───── Record set

lemma expected_compacted_size_le:
  "expected_compacted_size n \<le> 2 ^ (2 * k + 1) + large_fringe_mean k n"
proof -
  let ?T = "inc_trees_on {1..n}"
  let ?F = "toll_sum (\<lambda>s. of_bool (k < s) :: real)"
  have fin: "finite ?T" and card: "card ?T = fact n"
    by (simp_all add: finite_inc_trees_on card_inc_trees_on)
  then have "?T \<noteq> {}" by auto
  with fin card have "expected_compacted_size n = (\<Sum>t\<in>?T. real (compacted_size t)) / fact n"
    by (simp add: expected_compacted_size_def inc_trees_eq_inc_trees_on integral_pmf_of_set)
  also have "\<dots> \<le> (\<Sum>t\<in>?T. 2 ^ (2 * k + 1) + ?F t) / fact n"
  proof (intro divide_right_mono sum_mono)
    fix t
    have "real (compacted_size t) \<le> 2 ^ (2 * k + 1) + real (card {u \<in> subtrees t. k < size u})"
      using of_nat_mono[OF compacted_size_le[where t = t and k = k], where 'a = real] by simp
    then show "real (compacted_size t) \<le> 2 ^ (2 * k + 1) + ?F t"
      using card_large_subtrees_le_toll_sum[where t = t and k = k] by linarith
  qed simp
  also have "\<dots> = 2 ^ (2 * k + 1) + (\<Sum>t\<in>?T. ?F t) / fact n"
    using card by (simp add: sum.distrib add_divide_distrib)
  also have "(\<Sum>t\<in>?T. ?F t) = fact n * large_fringe_mean k n"
    using sum_toll_sum_inc_trees_on[where a = "large_fringe_mean k", OF large_fringe_mean_rec, of "{1..n}"]
    by (simp add: large_fringe_mean_def)
  finally show ?thesis by simp
qed

lemma floor_log_div_4_bounds:
  assumes "0 < n"
  shows "16 ^ (floor_log n div 4) \<le> n" and "n < 16 ^ (floor_log n div 4 + 1)"
proof -
  let ?k = "floor_log n div 4"
  have "(16::nat) ^ ?k = 2 ^ (4 * ?k)" by (simp add: power_mult)
  also have "\<dots> \<le> 2 ^ floor_log n" by (intro power_increasing) auto
  also have "\<dots> \<le> n" using assms by (rule floor_log_exp2_le)
  finally show "16 ^ ?k \<le> n" .
  have "n < 2 ^ (floor_log n + 1)" using floor_log_exp2_gt[of n] by simp
  also have "\<dots> \<le> 2 ^ (4 * (?k + 1))" by (intro power_increasing) auto
  also have "\<dots> = (2 ^ 4) ^ (?k + 1)" by (rule power_mult)
  also have "\<dots> = 16 ^ (?k + 1)" by simp
  finally show "n < 16 ^ (?k + 1)" .
qed

lemma expected_compacted_size_le_sqrt_add_div_ln:
  assumes "2 \<le> n"
  shows "expected_compacted_size n \<le> 2 * sqrt (real n) + 2 * (real n + 1) * ln 16 / ln (real n)"
proof -
  define k where "k = floor_log n div 4"
  have "16 ^ k \<le> n" "n < 16 ^ (k + 1)"
    using floor_log_div_4_bounds[of n] assms by (simp_all add: k_def)
  then have lower: "(16::real) ^ k \<le> real n" and upper: "real n < 16 ^ (k + 1)"
    using of_nat_le_iff[of "16 ^ k" n, where 'a = real] of_nat_less_iff[of n "16 ^ (k + 1)", where 'a = real]
    by simp_all
  have "((2::real) ^ (2 * k)) ^ 2 = (2 ^ 4) ^ k"
    by (simp only: power_mult[symmetric]) (simp add: mult.commute)
  with lower have "(2::real) ^ (2 * k) \<le> sqrt (real n)"
    by (intro real_le_rsqrt) simp
  then have pow: "(2::real) ^ (2 * k + 1) \<le> 2 * sqrt (real n)"
    by simp
  have ln_pos: "0 < ln (real n)" using assms by simp
  have "ln (real n) < ln (16 ^ (k + 1))"
    using upper assms by (subst ln_less_cancel_iff) simp_all
  then have ln_le: "ln (real n) \<le> (real k + 1) * ln 16"
    unfolding ln_realpow by (simp add: algebra_simps)
  have "2 * (real n + 1) / (real k + 2) \<le> 2 * (real n + 1) / (real k + 1)"
    by (rule frac_le) simp_all
  then have "large_fringe_mean k n \<le> 2 * (real n + 1) / (real k + 1)"
    by (simp add: large_fringe_mean_def)
  also have "\<dots> = 2 * (real n + 1) * ln 16 / ((real k + 1) * ln 16)"
    by (rule mult_divide_mult_cancel_right[symmetric]) simp
  also have "\<dots> \<le> 2 * (real n + 1) * ln 16 / ln (real n)"
    using ln_le ln_pos by (intro divide_left_mono) auto
  finally show ?thesis
    using pow expected_compacted_size_le[of n k] by linarith
qed

theorem theorem3p9:
  shows "(\<lambda>n. expected_compacted_size n) \<in> O(\<lambda>n. real n / ln (real n))"
proof -
  define B where "B n = 2 * sqrt (real n) + 2 * (real n + 1) * ln 16 / ln (real n)" for n :: nat
  have "eventually (\<lambda>n. norm (expected_compacted_size n) \<le> norm (B n)) at_top"
    using eventually_ge_at_top[of "2::nat"]
  proof eventually_elim
    case (elim n)
    then show ?case
      using expected_compacted_size_le_sqrt_add_div_ln[OF elim] expected_compacted_size_nonneg[of n]
      unfolding B_def by simp
  qed
  then have "(\<lambda>n. expected_compacted_size n) \<in> O(B)"
    by (rule landau_o.big_mono)
  moreover have "B \<in> O(\<lambda>n. real n / ln (real n))"
    unfolding B_def by real_asymp
  ultimately show ?thesis
    by (rule landau_o.big_trans)
qed

end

──────────

Your task is to collect every line above that contains the word "define".

  define k where "k = floor_log n div 4"
  define B where "B n = 2 * sqrt (real n) + 2 * (real n + 1) * ln 16 / ln (real n)" for n :: nat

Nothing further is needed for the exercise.